BEGIN

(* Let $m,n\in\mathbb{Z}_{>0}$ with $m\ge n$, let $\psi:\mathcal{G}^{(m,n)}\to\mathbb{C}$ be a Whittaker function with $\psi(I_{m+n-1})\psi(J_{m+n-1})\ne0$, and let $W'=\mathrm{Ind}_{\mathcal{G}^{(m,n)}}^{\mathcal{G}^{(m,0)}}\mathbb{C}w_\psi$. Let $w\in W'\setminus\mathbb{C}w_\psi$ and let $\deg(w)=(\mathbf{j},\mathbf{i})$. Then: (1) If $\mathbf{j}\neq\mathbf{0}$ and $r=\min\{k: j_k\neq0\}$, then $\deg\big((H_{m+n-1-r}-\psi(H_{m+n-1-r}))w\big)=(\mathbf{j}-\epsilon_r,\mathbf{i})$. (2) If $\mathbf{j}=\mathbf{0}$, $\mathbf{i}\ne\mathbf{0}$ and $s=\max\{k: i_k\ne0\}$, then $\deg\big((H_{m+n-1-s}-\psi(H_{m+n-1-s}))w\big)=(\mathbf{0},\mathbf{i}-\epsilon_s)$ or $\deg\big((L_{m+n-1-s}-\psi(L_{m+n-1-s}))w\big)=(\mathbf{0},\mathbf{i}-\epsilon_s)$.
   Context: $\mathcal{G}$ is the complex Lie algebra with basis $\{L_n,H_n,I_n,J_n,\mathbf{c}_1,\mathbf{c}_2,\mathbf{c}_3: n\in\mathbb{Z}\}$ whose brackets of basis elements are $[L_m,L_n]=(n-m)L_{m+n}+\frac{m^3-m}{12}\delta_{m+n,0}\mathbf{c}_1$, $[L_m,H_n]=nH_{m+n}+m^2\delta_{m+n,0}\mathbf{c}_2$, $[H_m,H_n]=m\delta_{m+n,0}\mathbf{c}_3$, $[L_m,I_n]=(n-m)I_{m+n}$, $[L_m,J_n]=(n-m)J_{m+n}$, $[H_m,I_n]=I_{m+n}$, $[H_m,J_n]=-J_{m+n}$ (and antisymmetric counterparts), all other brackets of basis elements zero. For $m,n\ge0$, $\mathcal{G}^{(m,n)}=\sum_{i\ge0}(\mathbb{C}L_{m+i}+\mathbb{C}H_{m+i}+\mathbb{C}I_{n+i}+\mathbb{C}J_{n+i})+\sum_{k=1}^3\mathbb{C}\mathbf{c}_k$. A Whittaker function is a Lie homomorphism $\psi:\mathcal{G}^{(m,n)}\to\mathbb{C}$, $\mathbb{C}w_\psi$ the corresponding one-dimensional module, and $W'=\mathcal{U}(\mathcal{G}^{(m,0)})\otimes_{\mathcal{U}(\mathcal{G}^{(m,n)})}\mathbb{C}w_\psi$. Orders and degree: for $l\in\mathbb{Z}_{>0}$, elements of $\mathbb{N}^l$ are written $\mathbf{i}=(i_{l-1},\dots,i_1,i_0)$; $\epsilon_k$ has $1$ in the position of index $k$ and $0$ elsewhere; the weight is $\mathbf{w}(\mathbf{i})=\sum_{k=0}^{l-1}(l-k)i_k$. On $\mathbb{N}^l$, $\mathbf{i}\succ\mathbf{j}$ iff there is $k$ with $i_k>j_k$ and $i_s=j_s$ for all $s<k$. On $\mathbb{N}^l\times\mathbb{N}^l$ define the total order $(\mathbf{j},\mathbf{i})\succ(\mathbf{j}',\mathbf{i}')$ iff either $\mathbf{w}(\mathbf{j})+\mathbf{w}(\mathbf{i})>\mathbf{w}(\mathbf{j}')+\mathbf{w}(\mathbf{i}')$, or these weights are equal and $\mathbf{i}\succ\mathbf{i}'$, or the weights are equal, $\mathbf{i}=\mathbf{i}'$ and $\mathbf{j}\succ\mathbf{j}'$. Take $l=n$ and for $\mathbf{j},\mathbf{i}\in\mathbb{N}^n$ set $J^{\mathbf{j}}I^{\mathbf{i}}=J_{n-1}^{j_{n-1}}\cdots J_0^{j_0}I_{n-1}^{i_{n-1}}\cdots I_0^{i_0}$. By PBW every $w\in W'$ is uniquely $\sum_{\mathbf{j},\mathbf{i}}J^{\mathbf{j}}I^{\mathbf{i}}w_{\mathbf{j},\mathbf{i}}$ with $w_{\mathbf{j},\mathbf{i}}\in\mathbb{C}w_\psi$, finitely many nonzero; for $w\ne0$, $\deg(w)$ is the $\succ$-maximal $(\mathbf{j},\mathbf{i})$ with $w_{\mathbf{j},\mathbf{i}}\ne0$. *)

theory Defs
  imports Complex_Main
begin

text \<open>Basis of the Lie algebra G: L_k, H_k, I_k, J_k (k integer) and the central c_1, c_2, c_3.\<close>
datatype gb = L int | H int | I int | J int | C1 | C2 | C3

END

[Instructions to follow]
Your reply should be nothing but the lines from the one containing "theory Defs" through the last line above, copied exactly; please include both ends.

[Task output]
theory Defs
  imports Complex_Main
begin

text \<open>Basis of the Lie algebra G: L_k, H_k, I_k, J_k (k integer) and the central c_1, c_2, c_3.\<close>
datatype gb = L int | H int | I int | J int | C1 | C2 | C3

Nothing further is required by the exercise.